Located in Roseland on the Far South Side, the 95th Street station is the current southern endpoint of the Red Line, although the CTA hopes to extend the route to 130th. With 9,535 riders on an average weekday, according to the most recent CTA ridership report in December 2017, 95th is the ninth-busiest station in the ‘L’ system. The facility is also a major bus terminal serving 12 CTA and 5 Pace bus routes. Intercity bus routes stop there as well.
A who’s who of local politicians showed up for Sunday’s ribbon-cutting, including Mayor Rahm Emanuel, South Side Congressman Bobby Rush, 9th Ward aldermen and City Council transportation chair Anthony Beale, 21st Ward alderman Howard Brookins, Jr., and 34th Ward alderman Carrie M. Austin. Also in attendance were community leaders like Michael LaFargue from the Red Line Extension Coalition and West Chesterfield Community Association, Harlan High principal Ramona Outlaw Fanning, Gillespie Elementary principal Michelle Willis, and Deloris Lucas, leader of the Far South bike group We Keep You Rollin’. Many attendees wore red to celebrate the occasion, and CTA staffers passed out red balloons.
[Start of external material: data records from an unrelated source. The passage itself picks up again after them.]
(* Let $(C_*,\partial,\ell)$ be an ascending chain complex over a field $\kappa$ such that for every $k$ the filtered vector space $(C_k,\ell|_{C_k})$ satisfies the best approximation property. Then there are subcomplexes $A_*$ and $\mathcal{H}_*$ of $C_*$ such that: (1) for each $k$, $C_k=A_k\oplus\mathcal{H}_k$ and $\ell(a+h)=\max\{\ell(a),\ell(h)\}$ for all $a\in A_k$, $h\in\mathcal{H}_k$; (2) $\partial|_{\mathcal{H}_*}=0$, and for each $k$ the restriction to $\mathcal{H}_k$ of the projection $\ker\partial|_{C_k}\to H_k(C_* )$ is an isomorphism of filtered vector spaces $(\mathcal{H}_k,\ell|_{\mathcal{H}_k})\to(H_k(C_* ),\rho|_{H_k(C_* )})$, where $\rho$ is the spectral invariant function; (3) $H_k(A_* )=0$ for all $k$.
   Context: An ascending chain complex over $\kappa$ is a triple $(C_*,\partial,\ell)$ where $(C_*=\bigoplus_{k\in\mathbb{Z}}C_k,\partial)$ is a chain complex of $\kappa$-vector spaces and $\ell\colon C_*\to\mathbb{R}\cup\{-\infty\}$ satisfies: $\ell(x)=-\infty$ iff $x=0$; $\ell(\sum_i c_ix_i)\le\max\{\ell(x_i): c_i\neq 0\}$, with equality if the $x_i$ lie in pairwise distinct degrees; and $\ell(\partial x)\le\ell(x)$. A filtered vector space $(V,\ell)$ (with $\ell(v)=-\infty$ iff $v=0$, $\ell(cv)=\ell(v)$ for $c\ne0$, $\ell(v+w)\le\max\{\ell(v),\ell(w)\}$) satisfies the best approximation property if for every proper subspace $W\subsetneq V$ and every $v\in V\setminus W$ there is $w_0\in W$ with $\ell(v-w_0)\le\ell(v-w)$ for all $w\in W$. The spectral invariant function $\rho\colon H_*(C_* )\to\mathbb{R}\cup\{-\infty\}$ is $\rho(h)=\inf\{\ell(c): c\in\ker\partial,\ [c]=h\}$. *)

theory Defs
  imports Complex_Main "HOL-Library.Extended_Real"
begin

text \<open>The graded space C_* is modelled inside an ambient vector space of type 'v
  (over a field 'k, scalar multiplication scale) as an internal direct sum of
  subspaces C k, k an integer.\<close>

definition graded_direct_sum :: "('k::field \<Rightarrow> 'v::ab_group_add \<Rightarrow> 'v) \<Rightarrow> (int \<Rightarrow> 'v set) \<Rightarrow> bool" where
  "graded_direct_sum scale C \<longleftrightarrow>
     (\<forall>k. module.subspace scale (C k)) \<and>
     (\<forall>v. \<exists>f. finite {k. f k \<noteq> 0} \<and> (\<forall>k. f k \<in> C k) \<and> v = (\<Sum>k\<in>{k. f k \<noteq> 0}. f k)) \<and>
     (\<forall>f. finite {k. f k \<noteq> 0} \<and> (\<forall>k. f k \<in> C k) \<and> (\<Sum>k\<in>{k. f k \<noteq> 0}. f k) = 0
          \<longrightarrow> (\<forall>k. f k = 0))"

definition chain_complex :: "('k::field \<Rightarrow> 'v::ab_group_add \<Rightarrow> 'v) \<Rightarrow> (int \<Rightarrow> 'v set) \<Rightarrow> ('v \<Rightarrow> 'v) \<Rightarrow> bool" where
  "chain_complex scale C d \<longleftrightarrow>
     graded_direct_sum scale C \<and> Vector_Spaces.linear scale scale d \<and>
     (\<forall>k. d ` C k \<subseteq> C (k - 1)) \<and> (\<forall>x. d (d x) = 0)"
text \<open>\<open>P\<close> divides the denominator ideal \<open>\<b>\<close> of \<open>a\<O>_K = \<a>/\<b>\<close> iff \<open>v_P(a) < 0\<close>,
  i.e. iff \<open>a\<close> is not in the local ring \<open>\<O>_{K,(P)}\<close>.\<close>
definition divides_denom :: "complex \<Rightarrow> complex set \<Rightarrow> bool" where
  "divides_denom a P \<longleftrightarrow> prime_ideal_OK a P \<and> a \<notin> localize a P (OK a)"

definition padic_tendsto_zero :: "complex \<Rightarrow> complex set \<Rightarrow> (nat \<Rightarrow> complex) \<Rightarrow> bool" where
  "padic_tendsto_zero a P s \<longleftrightarrow>
     (\<forall>N. \<exists>n0. \<forall>n\<ge>n0. s n \<in> localize a P (ideal_pow a P N))"

text \<open>\<open>\<G>(x) \<noteq> \<emptyset>\<close>: there is a digit sequence \<open>(d_k)_{k\<ge>1}\<close> such that the
  \<open>P\<close>-component of \<open>\<Sum>_{k\<ge>1} \<Phi>(d_k a^-k) + \<Phi>(x)\<close> vanishes for every \<open>P | \<b>\<close>
  (the components at infinite places are unconstrained).\<close>
definition G_nonempty :: "complex \<Rightarrow> complex set \<Rightarrow> complex \<Rightarrow> bool" where
  "G_nonempty a D x \<longleftrightarrow> (\<exists>d :: nat \<Rightarrow> complex. (\<forall>k\<ge>1. d k \<in> D) \<and>
     (\<forall>P. divides_denom a P \<longrightarrow>
        padic_tendsto_zero a P (\<lambda>n. x + (\<Sum>k=1..n. d k / a ^ k))))"

end

theory Submission
  imports Defs "Jordan_Normal_Form.Char_Poly"
begin
lemma EW_Un:
  assumes "finite S1" "finite S2" "S1 \<inter> S2 = {}"
    and Wt_Un: "\<And>X1 X2. X1 \<subseteq> S1 \<Longrightarrow> X2 \<subseteq> S2 \<Longrightarrow>
      Wt T (X1 \<union> X2) = Wt T X1 + Wt T X2 - d * of_bool (X1 \<noteq> {}) * of_bool (X2 \<noteq> {})"
  shows "EW T (S1 \<union> S2) = EW T S1 + EW T S2 - d * PrS T S1 * PrS T S2"
proof -
  let ?p1 = "prob_pattern T S1" and ?p2 = "prob_pattern T S2"
  have "EW T (S1 \<union> S2) = (\<Sum>X1\<in>Pow S1. \<Sum>X2\<in>Pow S2.
      (?p1 X1 * Wt T X1) * ?p2 X2 + ?p1 X1 * (?p2 X2 * Wt T X2)
      - d * ((?p1 X1 * of_bool (X1 \<noteq> {})) * (?p2 X2 * of_bool (X2 \<noteq> {}))))"
    unfolding EW_eq_sum_prob_pattern sum_Pow_Un[OF assms(3)]
    by (intro sum.cong refl) (simp add: prob_pattern_Un[OF assms(1-3)] Wt_Un algebra_simps)
  also have "\<dots> = (\<Sum>X1\<in>Pow S1. \<Sum>X2\<in>Pow S2. (?p1 X1 * Wt T X1) * ?p2 X2)
      + (\<Sum>X1\<in>Pow S1. \<Sum>X2\<in>Pow S2. ?p1 X1 * (?p2 X2 * Wt T X2))
      - d * (\<Sum>X1\<in>Pow S1. \<Sum>X2\<in>Pow S2.
               (?p1 X1 * of_bool (X1 \<noteq> {})) * (?p2 X2 * of_bool (X2 \<noteq> {})))"
    by (simp only: sum.distrib sum_subtractf sum_distrib_left)
  also have "\<dots> = (\<Sum>X1\<in>Pow S1. ?p1 X1 * Wt T X1) * (\<Sum>X2\<in>Pow S2. ?p2 X2)
      + (\<Sum>X1\<in>Pow S1. ?p1 X1) * (\<Sum>X2\<in>Pow S2. ?p2 X2 * Wt T X2)
      - d * ((\<Sum>X1\<in>Pow S1. ?p1 X1 * of_bool (X1 \<noteq> {}))
             * (\<Sum>X2\<in>Pow S2. ?p2 X2 * of_bool (X2 \<noteq> {})))"
    by (simp only: sum_product)
  also have "\<dots> = EW T S1 + EW T S2 - d * PrS T S1 * PrS T S2"
    unfolding EW_eq_sum_prob_pattern
    by (simp only: assms(1,2) sum_prob_pattern sum_prob_pattern_nonempty mult_1_left mult_1_right
        mult.assoc)
  finally show ?thesis .
qed
(* Under the standing setup below, every antichain in the forcing notion $Q$ is countable.
   Context: For $\lambda>1$, an injection $f$ is $\lambda$-bi-Lipschitz if for all distinct $a,b$ in its domain $d(f(a),f(b))<\lambda d(a,b)$ and $d(a,b)<\lambda d(f(a),f(b))$. Standing setup: $\{A_\alpha:\alpha<\omega_3\}$ are subsets of $\omega_1$, each of cardinality $\aleph_1$, with $A_\alpha\cap A_\beta$ finite for $\alpha\ne\beta$; each $A_\alpha$ is partitioned as $A_\alpha=\bigcup_{i<\omega_1}A_{\alpha,i}$ into pairwise disjoint countably infinite sets; $\langle d_\alpha:\alpha<\omega_3\rangle$ is a sequence of metrics on $\omega_1$ with each $(\omega_1,d_\alpha)$ separable. The forcing $Q$: a condition is $p=\langle w^p,u^p,d^p,\bar f^p,\bar\varepsilon^p\rangle$ where $w^p\subseteq\omega_3$ is finite; $u^p\subseteq\omega_1$ is finite and $d^p$ is a rational-valued metric on $u^p$; $\bar\varepsilon^p=\langle\varepsilon^p_\alpha:\alpha\in w^p\rangle$ are rationals in $(0,1)$; $\bar f^p=\langle f^p_\alpha:\alpha\in w^p\rangle$ where each $f^p_\alpha$ is a function from a finite subset of $\omega_1$ into $u^p$ with $f^p_\alpha(i)\in A_{\alpha,i}$ for $i\in\operatorname{dom}f^p_\alpha$, and $f^p_\alpha$ is $(1+\varepsilon^p_\alpha)$-bi-Lipschitz from $(\operatorname{dom}f^p_\alpha,d_\alpha)$ to $(u^p,d^p)$. Order: $p\le q$ iff $w^p\subseteq w^q$, $u^p\subseteq u^q$, $d^q$ extends $d^p$, and for all $\alpha\in w^p$, $\varepsilon^q_\alpha=\varepsilon^p_\alpha$ and $f^p_\alpha\subseteq f^q_\alpha$. Two conditions are incompatible if they have no common extension; an antichain is a set of pairwise incompatible conditions. *)

theory Defs
  imports Complex_Main "HOL-Library.Countable_Set"
begin

text \<open>The type 'w plays the role of omega_1 (as a bare set, cardinality aleph_1),
the type 'k plays the role of omega_3 (index set, cardinality aleph_3).\<close>

definition aleph1_type :: "'w itself \<Rightarrow> bool" where
  "aleph1_type _ \<longleftrightarrow> (card_of (UNIV :: 'w set), cardSuc natLeq) \<in> ordIso"

definition aleph3_type :: "'k itself \<Rightarrow> bool" where
  "aleph3_type _ \<longleftrightarrow> (card_of (UNIV :: 'k set), cardSuc (cardSuc (cardSuc natLeq))) \<in> ordIso"

definition metric_on :: "'w set \<Rightarrow> ('w \<Rightarrow> 'w \<Rightarrow> 'r::linordered_field) \<Rightarrow> bool" where
  "metric_on S d \<longleftrightarrow>
     (\<forall>x\<in>S. \<forall>y\<in>S. 0 \<le> d x y \<and> (d x y = 0 \<longleftrightarrow> x = y) \<and> d x y = d y x) \<and>
     (\<forall>x\<in>S. \<forall>y\<in>S. \<forall>z\<in>S. d x z \<le> d x y + d y z)"

definition separable_metric :: "('w \<Rightarrow> 'w \<Rightarrow> real) \<Rightarrow> bool" where
  "separable_metric d \<longleftrightarrow>
     (\<exists>D. countable D \<and> (\<forall>x. \<forall>e>0. \<exists>y\<in>D. d x y < e))"

definition bi_lipschitz :: "real \<Rightarrow> ('w \<Rightarrow> 'w \<Rightarrow> real) \<Rightarrow> ('w \<Rightarrow> 'w \<Rightarrow> real) \<Rightarrow> ('w \<rightharpoonup> 'w) \<Rightarrow> bool" where
  "bi_lipschitz lam d1 d2 f \<longleftrightarrow>
     inj_on (\<lambda>i. the (f i)) (dom f) \<and>
     (\<forall>a\<in>dom f. \<forall>b\<in>dom f. a \<noteq> b \<longrightarrow>
        d2 (the (f a)) (the (f b)) < lam * d1 a b \<and> d1 a b < lam * d2 (the (f a)) (the (f b)))"

text \<open>Conditions of Q, stored canonically: outside w the functions are empty and
epsilon is 0; the metric d is 0 outside u x u.\<close>
record ('k, 'w) cond =
  cw :: "'k set"
  cu :: "'w set"
  cd :: "'w \<Rightarrow> 'w \<Rightarrow> rat"
  cf :: "'k \<Rightarrow> ('w \<rightharpoonup> 'w)"
  ceps :: "'k \<Rightarrow> rat"

definition is_cond ::
  "('k \<Rightarrow> 'w \<Rightarrow> 'w set) \<Rightarrow> ('k \<Rightarrow> 'w \<Rightarrow> 'w \<Rightarrow> real) \<Rightarrow> ('k, 'w) cond \<Rightarrow> bool" where
  "is_cond Apart dd p \<longleftrightarrow>
     finite (cw p) \<and> finite (cu p) \<and>
     metric_on (cu p) (cd p) \<and>
     (\<forall>x y. (x \<notin> cu p \<or> y \<notin> cu p) \<longrightarrow> cd p x y = 0) \<and>
     (\<forall>\<alpha>. \<alpha> \<notin> cw p \<longrightarrow> cf p \<alpha> = Map.empty \<and> ceps p \<alpha> = 0) \<and>
     (\<forall>\<alpha>\<in>cw p. 0 < ceps p \<alpha> \<and> ceps p \<alpha> < 1 \<and>
        finite (dom (cf p \<alpha>)) \<and> ran (cf p \<alpha>) \<subseteq> cu p \<and>
        (\<forall>i\<in>dom (cf p \<alpha>). the (cf p \<alpha> i) \<in> Apart \<alpha> i) \<and>
        bi_lipschitz (1 + real_of_rat (ceps p \<alpha>)) (dd \<alpha>)
           (\<lambda>x y. real_of_rat (cd p x y)) (cf p \<alpha>))"

text \<open>cond_le p q: q extends p (written p <= q in the paper).\<close>
definition cond_le :: "('k, 'w) cond \<Rightarrow> ('k, 'w) cond \<Rightarrow> bool" where
  "cond_le p q \<longleftrightarrow>
     cw p \<subseteq> cw q \<and> cu p \<subseteq> cu q \<and>
     (\<forall>x\<in>cu p. \<forall>y\<in>cu p. cd q x y = cd p x y) \<and>
     (\<forall>\<alpha>\<in>cw p. ceps q \<alpha> = ceps p \<alpha> \<and> cf p \<alpha> \<subseteq>\<^sub>m cf q \<alpha>)"

definition cond_compatible ::
  "('k \<Rightarrow> 'w \<Rightarrow> 'w set) \<Rightarrow> ('k \<Rightarrow> 'w \<Rightarrow> 'w \<Rightarrow> real) \<Rightarrow> ('k, 'w) cond \<Rightarrow> ('k, 'w) cond \<Rightarrow> bool" where
  "cond_compatible Apart dd p q \<longleftrightarrow> (\<exists>r. is_cond Apart dd r \<and> cond_le p r \<and> cond_le q r)"

definition cond_antichain ::
  "('k \<Rightarrow> 'w \<Rightarrow> 'w set) \<Rightarrow> ('k \<Rightarrow> 'w \<Rightarrow> 'w \<Rightarrow> real) \<Rightarrow> ('k, 'w) cond set \<Rightarrow> bool" where
  "cond_antichain Apart dd S \<longleftrightarrow>
     (\<forall>p\<in>S. is_cond Apart dd p) \<and>
     (\<forall>p\<in>S. \<forall>q\<in>S. p \<noteq> q \<longrightarrow> \<not> cond_compatible Apart dd p q)"

end

(* Thin an uncountable set of conditions, by the Delta-system lemma applied to the index sets,
   the point sets and the domains of the maps, to an uncountable Delta-system, and then, by
   pigeonhole, to one whose members have the same code: the same epsilons and map values on the
   root, the same distance matrix, the same margin kappa, and the same approximations, from a
   countable dense set, of the preimage of every point under every root map. There are only
   countably many codes since the pieces A_{alpha,i} are countable and the metrics separable.
   By almost disjointness only countably many members put a new point into the range of two root
   maps. Two remaining conditions p, q are amalgamated by identifying each point of q with its
   copy in p, except that a new point x of p and its copy sigma x are kept at a small rational
   distance, which at most one root map constrains. The margin of p, a lower bound for its
   distances and for the slack in its strict bi-Lipschitz inequalities, absorbs the error, since
   preimages of x and sigma x are less than kappa/2 apart. *)

theory Submission
  imports Defs
begin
The south terminal has brighter lighting and more window space than the old building, which is intended to make the terminal feel more secure and cheerful. The terminal also features more space between bus stops, and some routes have separate drop-off and pickup points. There are also individual shelters at each stop in the terminal with benches and winter heat lamps. In addition, there’s a dedicated drop-off area for paratransit riders.
I did notice a couple of issues with the new south terminal. Currently about half of the bus routes serving this station board at a temporary stop on State Street next to the new building and, unlike at the old station, the bus shelters aren’t heated. This temporary stop serves most of the Pace routes, as well as the CTA East 103rd and West 103rd routes and Greyhound lines.
There’s currently a lot less available bike parking than before the old station closed. The old station had double-decker bike racks inside the “paid” area, with slots for 32 bikes, but the south terminal only has four “inverted U” racks installed outside, with space for only eight bikes. Moreover, unlike the old fixtures, these racks are exposed to the elements, and they will be more susceptible to theft because they’re not in a limited-access area.
Last summer the CTA promised that the new station will include “an equal or greater number of bike racks,” but it’s a shame that three-quarters of the bike spots have been eliminated just as peak biking season is about to kick in. Imagine the outcry there would be from motorists if the same ratio of car parking spaces were eliminated at a transit station as part of a rehab project.
But overall the new south terminal is a nice addition to the area, that will get even better after its northern counterpart opens. Hopefully the brand 95th Street new station will help build momentum for federal and state funding for the CTA’s proposed $2.3 billion extension of the Red Line south to 130th Street, which the agency hopes to start work on in 2022.